### WHAT THIS TASK INVOLVES
Nothing but the lines from the start of the records through the line that contains "else stat_prob p" is to be copied, and each is to be copied exactly.

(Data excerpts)

______

(* There exist universal constants $C,c>0$ such that the following holds. Let $(X_i,Y_i)_{i=1}^{3n}$ be a stationary two-state hidden Markov model as in the context whose hidden chain has absolute spectral gap at least $\gamma^*$, i.e. $1-|1-p-q|\ge\gamma^*$. Let $Y'=(Y_1,\dots,Y_n)$ and $\tilde Y'=(Y_{2n+1},\dots,Y_{3n})$, let $\mathbb{P}_{(Y',\tilde Y')}$ be the joint law of $(Y',\tilde Y')$ and $\mathbb{P}_{Y'}$ the law of $Y'$. Then $$\|\mathbb{P}_{(Y',\tilde Y')}-\mathbb{P}_{Y'}^{\otimes2}\|_{TV}\le Ce^{-c\gamma^*n}.$$
   Context: Model: parameter $\theta=(p,q,f_0,f_1)$ with $p,q\in(0,1]$ and $f_0,f_1$ probability densities on $[0,1]$; $(X_i)$ is a Markov chain on $\{0,1\}$ started from its stationary distribution with transition matrix $\begin{pmatrix}1-p&p\\ q&1-q\end{pmatrix}$, and conditionally on $(X_i)$ the $Y_i$ are independent with densities $f_{X_i}$. $\mathbb{P}_{Y'}^{\otimes2}$ denotes the product of two copies of $\mathbb{P}_{Y'}$, and $\|\cdot\|_{TV}$ is the total variation norm. *)

theory Defs
  imports "HOL-Probability.Probability"
begin

text \<open>Two-state HMM. Hidden states: False = state 0, True = state 1.
  Transition matrix ((1-p, p), (q, 1-q)).\<close>

definition trans_prob :: "real \<Rightarrow> real \<Rightarrow> bool \<Rightarrow> bool \<Rightarrow> real" where
  "trans_prob p q a b =
     (if \<not> a then (if b then p else 1 - p) else (if b then 1 - q else q))"

definition stat_prob :: "real \<Rightarrow> real \<Rightarrow> bool \<Rightarrow> real" where
  "stat_prob p q a = (if a then p / (p + q) else q / (p + q))"

text \<open>Probability of the hidden path x(0),...,x(N-1) (X_{i+1} = x i),
  chain started from stationarity.\<close>
definition path_prob :: "real \<Rightarrow> real \<Rightarrow> nat \<Rightarrow> (nat \<Rightarrow> bool) \<Rightarrow> real" where
  "path_prob p q N x =
     (if N = 0 then 1
      else stat_prob p q (x 0) * (\<Prod>i<N - 1. trans_prob p q (x i) (x (Suc i))))"

definition emis :: "(real \<Rightarrow> real) \<Rightarrow> (real \<Rightarrow> real) \<Rightarrow> bool \<Rightarrow> real \<Rightarrow> real" where
  "emis f0 f1 b y = (if b then f1 y else f0 y) * indicator {0..1} y"

text \<open>Joint law of (Y_1,...,Y_N) (Y_{i+1} = y i) on the product space, given by its
  density w.r.t. N-dimensional Lebesgue measure (mixture over hidden paths).\<close>
definition hmm_law :: "real \<Rightarrow> real \<Rightarrow> (real \<Rightarrow> real) \<Rightarrow> (real \<Rightarrow> real) \<Rightarrow> nat
    \<Rightarrow> (nat \<Rightarrow> real) measure" where
  "hmm_law p q f0 f1 N =
     density (PiM {..<N} (\<lambda>_. lborel))
       (\<lambda>y. ennreal (\<Sum>x \<in> {..<N} \<rightarrow>\<^sub>E (UNIV :: bool set).
              path_prob p q N x * (\<Prod>i<N. emis f0 f1 (x i) (y i))))"

definition law_Y' :: "real \<Rightarrow> real \<Rightarrow> (real \<Rightarrow> real) \<Rightarrow> (real \<Rightarrow> real) \<Rightarrow> nat
    \<Rightarrow> (nat \<Rightarrow> real) measure" where
  "law_Y' p q f0 f1 n =
     distr (hmm_law p q f0 f1 (3 * n)) (PiM {..<n} (\<lambda>_. lborel))
       (\<lambda>y. restrict y {..<n})"

text \<open>Joint law of (Y', Y~') with Y~' = (Y_{2n+1},...,Y_{3n}).\<close>
definition law_pair :: "real \<Rightarrow> real \<Rightarrow> (real \<Rightarrow> real) \<Rightarrow> (real \<Rightarrow> real) \<Rightarrow> nat
    \<Rightarrow> ((nat \<Rightarrow> real) \<times> (nat \<Rightarrow> real)) measure" where
  "law_pair p q f0 f1 n =
     distr (hmm_law p q f0 f1 (3 * n))
       (PiM {..<n} (\<lambda>_. lborel) \<Otimes>\<^sub>M PiM {..<n} (\<lambda>_. lborel))
       (\<lambda>y. (restrict y {..<n}, restrict (\<lambda>i. y (2 * n + i)) {..<n}))"

definition tv_dist :: "'a measure \<Rightarrow> 'a measure \<Rightarrow> real" where
  "tv_dist M N = (SUP A \<in> sets M. \<bar>measure M A - measure N A\<bar>)"

definition prob_density01 :: "(real \<Rightarrow> real) \<Rightarrow> bool" where
  "prob_density01 f \<longleftrightarrow> f \<in> borel_measurable borel \<and> (\<forall>x\<in>{0..1}. 0 \<le> f x) \<and>
     (\<integral>\<^sup>+ x. ennreal (f x * indicator {0..1} x) \<partial>lborel) = 1"

end

theory Submission
  imports Defs
begin

text \<open>Given the hidden path, the observations are independent, so the joint law of the two
  blocks and the product of their marginals are mixtures of the same product measures, weighted
  by the path probabilities of the two hidden blocks: jointly in the first case, independently
  in the second. Summing out the hidden middle block of length \<open>n\<close>, the two weights differ only
  in that the stationary probability \<open>\<pi>(c)\<close> of the first state \<open>c\<close> of the last block is replaced
  by the \<open>(n + 1)\<close>-step transition probability \<open>\<pi>(c) + (1 - p - q)\<^sup>n\<^sup>+\<^sup>1 (\<delta>\<^sub>a\<^sub>c - \<pi>(c))\<close> from
  the last state \<open>a\<close> of the first block. Hence the probabilities of any event differ by at most
  \<open>2 \<bar>1 - p - q\<bar>\<^sup>n\<^sup>+\<^sup>1 \<le> 2 exp (- \<gamma> n)\<close>.\<close>

definition paths :: "nat \<Rightarrow> (nat \<Rightarrow> bool) set" where
  "paths N = {..<N} \<rightarrow>\<^sub>E (UNIV :: bool set)"

definition append_path :: "nat \<Rightarrow> (nat \<Rightarrow> bool) \<Rightarrow> (nat \<Rightarrow> bool) \<Rightarrow> nat \<Rightarrow> bool" where
  "append_path a u v = (\<lambda>i. if i < a then u i else v (i - a))"

lemma finite_paths [simp]: "finite (paths N)"
  unfolding paths_def by (intro finite_PiE) auto

lemma paths_0: "paths 0 = {\<lambda>_. undefined}"
  by (simp add: paths_def)

lemma bij_betw_append_path:
  "bij_betw (\<lambda>(u, v). append_path a u v) (paths a \<times> paths b) (paths (a + b))"
proof (rule bij_betw_byWitness[where f' = "\<lambda>x. (restrict x {..<a}, \<lambda>i\<in>{..<b}. x (a + i))"])
qed (auto simp: paths_def append_path_def PiE_def extensional_def fun_eq_iff)

lemma sum_paths_add:
  "(\<Sum>x\<in>paths (a + b). F x) = (\<Sum>u\<in>paths a. \<Sum>v\<in>paths b. F (append_path a u v))"
  by (subst sum.reindex_bij_betw[OF bij_betw_append_path, symmetric])
     (simp add: sum.cartesian_product case_prod_unfold)

lemma sum_paths_Suc_0: "(\<Sum>x\<in>paths (Suc 0). G (x 0)) = (\<Sum>c\<in>UNIV. G c)"
  by (rule sum.reindex_bij_witness[where j = "\<lambda>x. x 0" and i = "\<lambda>c. \<lambda>i\<in>{..<Suc 0}. c"])
     (auto simp: paths_def PiE_def extensional_def fun_eq_iff)

lemma restrict_append_path: "u \<in> paths a \<Longrightarrow> restrict (append_path a u v) {..<a} = u"
  by (auto simp: paths_def append_path_def PiE_def extensional_def fun_eq_iff)

lemma restrict_paths: "v \<in> paths b \<Longrightarrow> restrict v {..<b} = v"
  by (auto simp: paths_def PiE_def extensional_def fun_eq_iff)

lemma append_path_add [simp]: "append_path a u v (a + i) = v i"
  by (simp add: append_path_def)

text \<open>For \<open>N = 0\<close> the weight is \<open>\<mu> (x 0)\<close> rather than \<open>1\<close>; it is only used for \<open>N \<ge> 1\<close>.\<close>
definition chain_weight :: "real \<Rightarrow> real \<Rightarrow> (bool \<Rightarrow> real) \<Rightarrow> nat \<Rightarrow> (nat \<Rightarrow> bool) \<Rightarrow> real" where
  "chain_weight p q \<mu> N x = \<mu> (x 0) * (\<Prod>i<N - 1. trans_prob p q (x i) (x (Suc i)))"

lemma path_prob_eq_chain_weight:
  "1 \<le> N \<Longrightarrow> path_prob p q N x = chain_weight p q (stat_prob p q) N x"
  by (simp add: path_prob_def chain_weight_def)

lemma chain_weight_eq_initial_times_transitions:
  "chain_weight p q \<mu> N x = \<mu> (x 0) * chain_weight p q (\<lambda>_. 1) N x"
  by (simp add: chain_weight_def)

lemma prod_lessThan_add:
  "(\<Prod>i<m + k. g i) = (\<Prod>i<m. g i) * (\<Prod>i<k. g (m + i))" for g :: "nat \<Rightarrow> 'a::comm_monoid_mult"
  by (induction k) (auto simp: ac_simps)

lemma chain_weight_append_path:
  assumes "1 \<le> a" "1 \<le> b"
  shows "chain_weight p q \<mu> (a + b) (append_path a u v)
       = chain_weight p q \<mu> a u * chain_weight p q (trans_prob p q (u (a - 1))) b v"
proof -
  let ?g = "\<lambda>i. trans_prob p q (append_path a u v i) (append_path a u v (Suc i))"
  have "a + b - 1 = (a - 1) + Suc (b - 1)" using assms by simp
  then have "(\<Prod>i<a + b - 1. ?g i) = (\<Prod>i<a - 1. ?g i) * (\<Prod>i<Suc (b - 1). ?g (a - 1 + i))"
    by (simp only: prod_lessThan_add)
  also have "(\<Prod>i<Suc (b - 1). ?g (a - 1 + i)) = ?g (a - 1) * (\<Prod>i<b - 1. ?g (a + i))"
    using assms by (subst prod.lessThan_Suc_shift) simp
  also have "(\<Prod>i<a - 1. ?g i) = (\<Prod>i<a - 1. trans_prob p q (u i) (u (Suc i)))"
    by (auto simp: append_path_def intro!: prod.cong)
  also have "(\<Prod>i<b - 1. ?g (a + i)) = (\<Prod>i<b - 1. trans_prob p q (v i) (v (Suc i)))"
    by (auto simp: append_path_def intro!: prod.cong)
  finally show ?thesis
    using assms by (simp add: chain_weight_def append_path_def ac_simps)
qed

______

### ANSWER TO THE EXERCISE
(* There exist universal constants $C,c>0$ such that the following holds. Let $(X_i,Y_i)_{i=1}^{3n}$ be a stationary two-state hidden Markov model as in the context whose hidden chain has absolute spectral gap at least $\gamma^*$, i.e. $1-|1-p-q|\ge\gamma^*$. Let $Y'=(Y_1,\dots,Y_n)$ and $\tilde Y'=(Y_{2n+1},\dots,Y_{3n})$, let $\mathbb{P}_{(Y',\tilde Y')}$ be the joint law of $(Y',\tilde Y')$ and $\mathbb{P}_{Y'}$ the law of $Y'$. Then $$\|\mathbb{P}_{(Y',\tilde Y')}-\mathbb{P}_{Y'}^{\otimes2}\|_{TV}\le Ce^{-c\gamma^*n}.$$
   Context: Model: parameter $\theta=(p,q,f_0,f_1)$ with $p,q\in(0,1]$ and $f_0,f_1$ probability densities on $[0,1]$; $(X_i)$ is a Markov chain on $\{0,1\}$ started from its stationary distribution with transition matrix $\begin{pmatrix}1-p&p\\ q&1-q\end{pmatrix}$, and conditionally on $(X_i)$ the $Y_i$ are independent with densities $f_{X_i}$. $\mathbb{P}_{Y'}^{\otimes2}$ denotes the product of two copies of $\mathbb{P}_{Y'}$, and $\|\cdot\|_{TV}$ is the total variation norm. *)

theory Defs
  imports "HOL-Probability.Probability"
begin

text \<open>Two-state HMM. Hidden states: False = state 0, True = state 1.
  Transition matrix ((1-p, p), (q, 1-q)).\<close>

definition trans_prob :: "real \<Rightarrow> real \<Rightarrow> bool \<Rightarrow> bool \<Rightarrow> real" where
  "trans_prob p q a b =
     (if \<not> a then (if b then p else 1 - p) else (if b then 1 - q else q))"

definition stat_prob :: "real \<Rightarrow> real \<Rightarrow> bool \<Rightarrow> real" where
  "stat_prob p q a = (if a then p / (p + q) else q / (p + q))"

text \<open>Probability of the hidden path x(0),...,x(N-1) (X_{i+1} = x i),
  chain started from stationarity.\<close>
definition path_prob :: "real \<Rightarrow> real \<Rightarrow> nat \<Rightarrow> (nat \<Rightarrow> bool) \<Rightarrow> real" where
  "path_prob p q N x =
     (if N = 0 then 1
      else stat_prob p q (x 0) * (\<Prod>i<N - 1. trans_prob p q (x i) (x (Suc i))))"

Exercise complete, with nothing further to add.